You can certainly setup a Bazel environment where all dependencies are vendored in your own repo and everything is built from source. This is what Google does, and I’m sure some other large organizations using Bazel are as well.

But as a matter of practicality, modern Bazel usages regularly pull pre-built, sha256-verified third-party dependencies. The hermeticity comes from knowing all inputs to an action - some of which may have been downloaded - and preventing (or trying to) undeclared inputs from being available.

There is a -gnu variant built against glibc 2.17 which I believe is what most are using. I don’t interpret “standalone” as “statically linked”, but rather that you just download, extract, and run, without worrying about any install processes or assumed layouts on the host system. The system requirements for the different build variants are described here.

Indeed, nested parallelization seems like a solveable problem with the proper interfaces and plumbing. The build rule needs to tell Bazel how many cpus it plans to consume (I believe this is possible) and also tell the build process how many cpus should be consumed.

1 Like

Is the thinking that the better packaging world would have prebuilt none python code packaged?
With out that each python package that needs a non python dependency would be building it for themselves, like now.

On macOS is that homebrew?
On windows is that the Windows Package Manager? Windows Package Manager 1.3 - Windows Command Line

(Maintainer of Briefcase (part of the BeeWare suite) which is either a user of packaging tools, or a packaging tool itself, depending on your definitions)

This thread has done a good job at highlighting that packaging is a complex problem for a variety of technical and historical reasons. However, IMHO, the biggest issue that exists isn’t technical - it’s communication.

For me, the most revealing part of the statement that “there are too many tools, and users are not sure which ones to use” isn’t that there are too many tools. The important part is that unless you’re knee-deep in discussions about packaging, it isn’t currently clear which of those tools should be used - and, the fact that it isn’t clear which one to use is, at least in part, the cause of there being too many tools.

As an example - the tutorial was updated 6 months ago to use Hatch in its examples. This would seem to indicate a significant signal from the PyPA that Hatch is a “new default”; but I’m not aware of any formal statement of that intent. What does this decision mean for Setuptools (the old default)? Should it be considered deprecated? Should existing projects migrate to Hatch (or anticipate a migration in future - and if so, on what timeframe)? What does the introduction of Hatch as a new default mean for Flit, which is also a PyPA managed tool? How does this decision fit into the longer term vision and plans of PyPA members?

Whatever the outcome of the technical aspects of this (and future) strategy discussions, I’d suggest that the process of communicating that strategy - and communicating progress towards the desired future state - is just as important (if not more so) than the strategy itself. This is especially important given it’s going to take months or years to converge on that future state.

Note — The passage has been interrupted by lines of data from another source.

(* Consider the RSA algorithm run for $N-1$ iterations from $x_1\in X$ with constant stepsizes $\gamma=\dfrac{D_X}{\sqrt{2(M_2^2+L^2)}\sqrt N}$, where $D_X=\max_{x\in X}\|x-x_1\|_2$, and let $g^N=\frac1N\sum_{\tau=1}^Ng(x_\tau,\xi_\tau)$. Let $$K_1(X)=\frac{D_X(M_2^2+2L^2)}{\sqrt{2(M_2^2+L^2)}},\qquad K_2(X)=\frac{D_XM_2^2}{\sqrt{2(M_2^2+L^2)}}+2D_XM_2+M_1.$$ (i) If Assumptions 1, 2, 3 and 4 hold (with $\|\cdot\|_*=\|\cdot\|_2$), then for every $\Theta>0$, $$\mathbb P\Big(|g^N-f(x_* )|>\frac{K_1(X)+\Theta K_2(X)}{\sqrt N}\Big)\le 4\exp\{1\}\exp\{-\Theta\}.$$ (ii) If Assumptions 1, 2, 3 and 5 hold, the same inequality holds with right-hand side replaced by $(3+\exp\{1\})\exp\{-\Theta^2/4\}$.
   Context: Setting: $E=\mathbb R^n$ with $\|\cdot\|=\|\cdot\|_*=\|\cdot\|_2$; $X\subset E$ nonempty closed bounded convex; $g(x,\xi)$ Borel, convex in $x$, integrable in $\xi$; $f(x)=\mathbb E[g(x,\xi)]$ convex Lipschitz on $X$ with minimizer $x_*$ on $X$; $\xi_1,\xi_2,\dots$ i.i.d. copies of $\xi$; the oracle returns $g(x,\xi_t)$ and a measurable $G(x,\xi_t)\in\partial_xg(x,\xi_t)$; $f'(x):=\mathbb E[G(x,\xi)]$, $\delta(x,\xi)=g(x,\xi)-f(x)$, $\Delta(x,\xi)=G(x,\xi)-f'(x)$. RSA: $x_{t+1}=\Pi_X(x_t-\gamma G(x_t,\xi_t))$, $t=1,\dots,N-1$, $\Pi_X$ Euclidean projection. Assumption 1: $\|f'(x)\|_*\le L$ for all $x\in X$. Assumption 2: $f(x)=\mathbb E[g(x,\xi)]$, $\mathbb E[G(x,\xi)]\in\partial f(x)$. Assumption 3: $\mathbb E[\delta^2(x,\xi)]\le M_1^2$, $\mathbb E[\|\Delta(x,\xi)\|_*^2]\le M_2^2$ for all $x\in X$. Assumption 4: $\mathbb E[\exp\{\delta^2(x,\xi)/M_1^2\}]\le\exp\{1\}$ and $\mathbb E[\exp\{\|\Delta(x,\xi)\|_*^2/M_2^2\}]\le\exp\{1\}$ for all $x\in X$. Assumption 5: $\mathbb E[\exp\{\delta^2(x,\xi)/M_1^2\}]\le\exp\{1\}$ and $\|\Delta(x,\xi)\|_*\le M_2$ almost surely, for all $x\in X$. Here $M_1,M_2\in(0,\infty)$. *)

theory Defs
  imports "HOL-Probability.Probability"
begin
(* Let $\mathcal H_A,\mathcal H_B$ be finite-dimensional complex Hilbert spaces and let $\rho$ be a separable density matrix on $\mathcal H_A\otimes\mathcal H_B$. Let $\rho^{T_B}=(\mathbf 1_A\otimes T)\rho$, where $T$ is transposition in a chosen basis of $\mathcal H_B$. Then $\mathcal L_{\mathcal E}(\rho)=\mathcal L_{\mathcal E}(\rho^{T_B})$.
   Context: $\rho$ is separable if $\rho=\sum_i p_i\,|\psi_i\rangle\langle\psi_i|\otimes|\phi_i\rangle\langle\phi_i|$ with $p_i>0$ and unit vectors $\psi_i\in\mathcal H_A,\phi_i\in\mathcal H_B$ (a separable decomposition). For a separable $\rho$, the optimal ensemble cardinality $\mathcal L_{\mathcal E}(\rho)$ is the least number of distinct pure product states needed in a separable decomposition of $\rho$. *)

theory Defs
  imports "HOL-Analysis.Analysis"
begin

text \<open>H_A = C^'a, H_B = C^'b with finite index types 'a, 'b (standard bases);
H_A (x) H_B = C^('a \<times> 'b). Operators on it are matrices indexed by pairs.\<close>

type_synonym ('a, 'b) bop = "complex ^ ('a \<times> 'b) ^ ('a \<times> 'b)"

definition unit_vec :: "complex ^ 'n::finite \<Rightarrow> bool" where
  "unit_vec v \<longleftrightarrow> (\<Sum>i\<in>UNIV. (cmod (v $ i))\<^sup>2) = 1"

text \<open>The operator |psi><psi| (x) |phi><phi|.\<close>
definition prod_proj :: "complex ^ 'a::finite \<Rightarrow> complex ^ 'b::finite \<Rightarrow> ('a, 'b) bop" where
  "prod_proj \<psi> \<phi> = (\<chi> x y. \<psi> $ fst x * cnj (\<psi> $ fst y) * \<phi> $ snd x * cnj (\<phi> $ snd y))"

definition pure_product_states :: "('a::finite, 'b::finite) bop set" where
  "pure_product_states = {prod_proj \<psi> \<phi> | \<psi> \<phi>. unit_vec \<psi> \<and> unit_vec \<phi>}"

definition sep_decomp :: "('a::finite, 'b::finite) bop \<Rightarrow> ('a, 'b) bop set \<Rightarrow> (('a, 'b) bop \<Rightarrow> real) \<Rightarrow> bool" where
  "sep_decomp \<rho> S p \<longleftrightarrow> finite S \<and> S \<subseteq> pure_product_states \<and> (\<forall>s\<in>S. p s > 0)
     \<and> \<rho> = (\<Sum>s\<in>S. p s *\<^sub>R s)"

definition separable :: "('a::finite, 'b::finite) bop \<Rightarrow> bool" where
  "separable \<rho> \<longleftrightarrow> (\<exists>S p. sep_decomp \<rho> S p)"

definition ens_card :: "('a::finite, 'b::finite) bop \<Rightarrow> nat" where
  "ens_card \<rho> = (LEAST n. \<exists>S p. sep_decomp \<rho> S p \<and> card S = n)"

definition trace_op :: "complex ^ 'n::finite ^ 'n \<Rightarrow> complex" where
  "trace_op M = (\<Sum>i\<in>UNIV. M $ i $ i)"

text \<open>Density matrix: positive semidefinite (over C, hence Hermitian) with trace 1.\<close>
definition density_matrix :: "complex ^ 'n::finite ^ 'n \<Rightarrow> bool" where
  "density_matrix M \<longleftrightarrow> trace_op M = 1 \<and>
     (\<forall>v. let q = (\<Sum>i\<in>UNIV. \<Sum>j\<in>UNIV. cnj (v $ i) * M $ i $ j * v $ j) in Im q = 0 \<and> Re q \<ge> 0)"

definition partial_transpose_B :: "('a::finite, 'b::finite) bop \<Rightarrow> ('a, 'b) bop" where
  "partial_transpose_B \<rho> = (\<chi> x y. \<rho> $ (fst x, snd y) $ (fst y, snd x))"

end

theory Submission
  imports Defs
begin

text \<open>The partial transpose is a linear involution that maps the pure product state
  \<open>|\<psi>\<rangle>\<langle>\<psi>| \<otimes> |\<phi>\<rangle>\<langle>\<phi>|\<close> to \<open>|\<psi>\<rangle>\<langle>\<psi>| \<otimes> |\<phi>\<^sup>*\<rangle>\<langle>\<phi>\<^sup>*|\<close>, where \<open>\<phi>\<^sup>*\<close> is the entrywise conjugate of \<open>\<phi>\<close>.
  Hence it carries every separable decomposition of \<open>\<rho>\<close> to one of \<open>\<rho>\<^sup>T\<^sup>B\<close> with the same
  number of distinct states, and applying it twice gives the converse.\<close>

lemma partial_transpose_B_involution [simp]:
  "partial_transpose_B (partial_transpose_B \<rho>) = \<rho>"
  by (simp add: partial_transpose_B_def vec_eq_iff)

lemma inj_partial_transpose_B: "inj partial_transpose_B"
  by (metis partial_transpose_B_involution injI)

lemma partial_transpose_B_sum_scaleR:
  "partial_transpose_B (\<Sum>s\<in>S. p s *\<^sub>R s) = (\<Sum>s\<in>S. p s *\<^sub>R partial_transpose_B s)"
  by (induction S rule: infinite_finite_induct)
     (simp_all add: partial_transpose_B_def vec_eq_iff)

lemma partial_transpose_B_prod_proj:
  "partial_transpose_B (prod_proj \<psi> \<phi>) = prod_proj \<psi> (\<chi> i. cnj (\<phi> $ i))"
  by (simp add: partial_transpose_B_def prod_proj_def vec_eq_iff mult_ac)

lemma unit_vec_cnj: "unit_vec \<phi> \<Longrightarrow> unit_vec (\<chi> i. cnj (\<phi> $ i))"
  by (simp add: unit_vec_def)

lemma partial_transpose_B_pure_product_state:
  "s \<in> pure_product_states \<Longrightarrow> partial_transpose_B s \<in> pure_product_states"
  unfolding pure_product_states_def
  using partial_transpose_B_prod_proj unit_vec_cnj by blast

lemma sep_decomp_partial_transpose_B:
  assumes "sep_decomp \<rho> S p"
  shows "sep_decomp (partial_transpose_B \<rho>) (partial_transpose_B ` S) (p \<circ> partial_transpose_B)"
proof -
  have inj: "inj_on partial_transpose_B S"
    using inj_partial_transpose_B inj_on_subset by blast
  have "(\<Sum>t\<in>partial_transpose_B ` S. (p \<circ> partial_transpose_B) t *\<^sub>R t)
      = (\<Sum>s\<in>S. p s *\<^sub>R partial_transpose_B s)"
    by (simp add: sum.reindex[OF inj])
  also have "\<dots> = partial_transpose_B \<rho>"
    using assms by (simp add: sep_decomp_def partial_transpose_B_sum_scaleR)
  finally show ?thesis
    using assms partial_transpose_B_pure_product_state unfolding sep_decomp_def by auto
qed

lemma sep_decomp_card_partial_transpose_B:
  assumes "sep_decomp \<rho> S p"
  shows "\<exists>S' p'. sep_decomp (partial_transpose_B \<rho>) S' p' \<and> card S' = card S"
  using sep_decomp_partial_transpose_B[OF assms]
    card_image[OF inj_on_subset[OF inj_partial_transpose_B]] by blast

lemma ens_card_partial_transpose_B:
  "ens_card (partial_transpose_B \<rho>) = ens_card \<rho>"
proof -
  have "(\<exists>S p. sep_decomp (partial_transpose_B \<rho>) S p \<and> card S = n)
    \<longleftrightarrow> (\<exists>S p. sep_decomp \<rho> S p \<and> card S = n)" for n
    using sep_decomp_card_partial_transpose_B[of \<rho>]
      sep_decomp_card_partial_transpose_B[of "partial_transpose_B \<rho>"] by auto
  then show ?thesis
    unfolding ens_card_def by simp
qed

theorem lemma1:
  fixes \<rho> :: "('a::finite, 'b::finite) bop"
  assumes "density_matrix \<rho>" and "separable \<rho>"
  shows "ens_card \<rho> = ens_card (partial_transpose_B \<rho>)"
  by (rule ens_card_partial_transpose_B[symmetric])

end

I acknowledge that the PyPA is more of an “accumulation of interested parties” rather than a formal standard-setting body. However, even an informal statement declaring a vision and desired future state for Python packaging would be invaluable in terms of setting community expectations, generating convergence towards that desired future state, and guiding the contributions of those who might be inclined to help get there.

Perhaps I’ve missed the point, and the purpose of this discussion is determine what the strategy and vision should be, prior to publication as a PEP (or whatever instrument is appropriate). If that’s the case, consider this a hearty endorsement of that plan. However, if it isn’t, above everything else, I’d advocate for clear articulation of whatever the final vision happens to be.


There is no formal statement because there is no formal recommendation. It was chosen as the default because it is easier to use for newcomers and at the time (and still) had stable releases that supported the latest packaging PEPs rather than setuptools’ beta support.

It is also important to note that because of the pipenv debacle any official future recommendation would be kind of tricky.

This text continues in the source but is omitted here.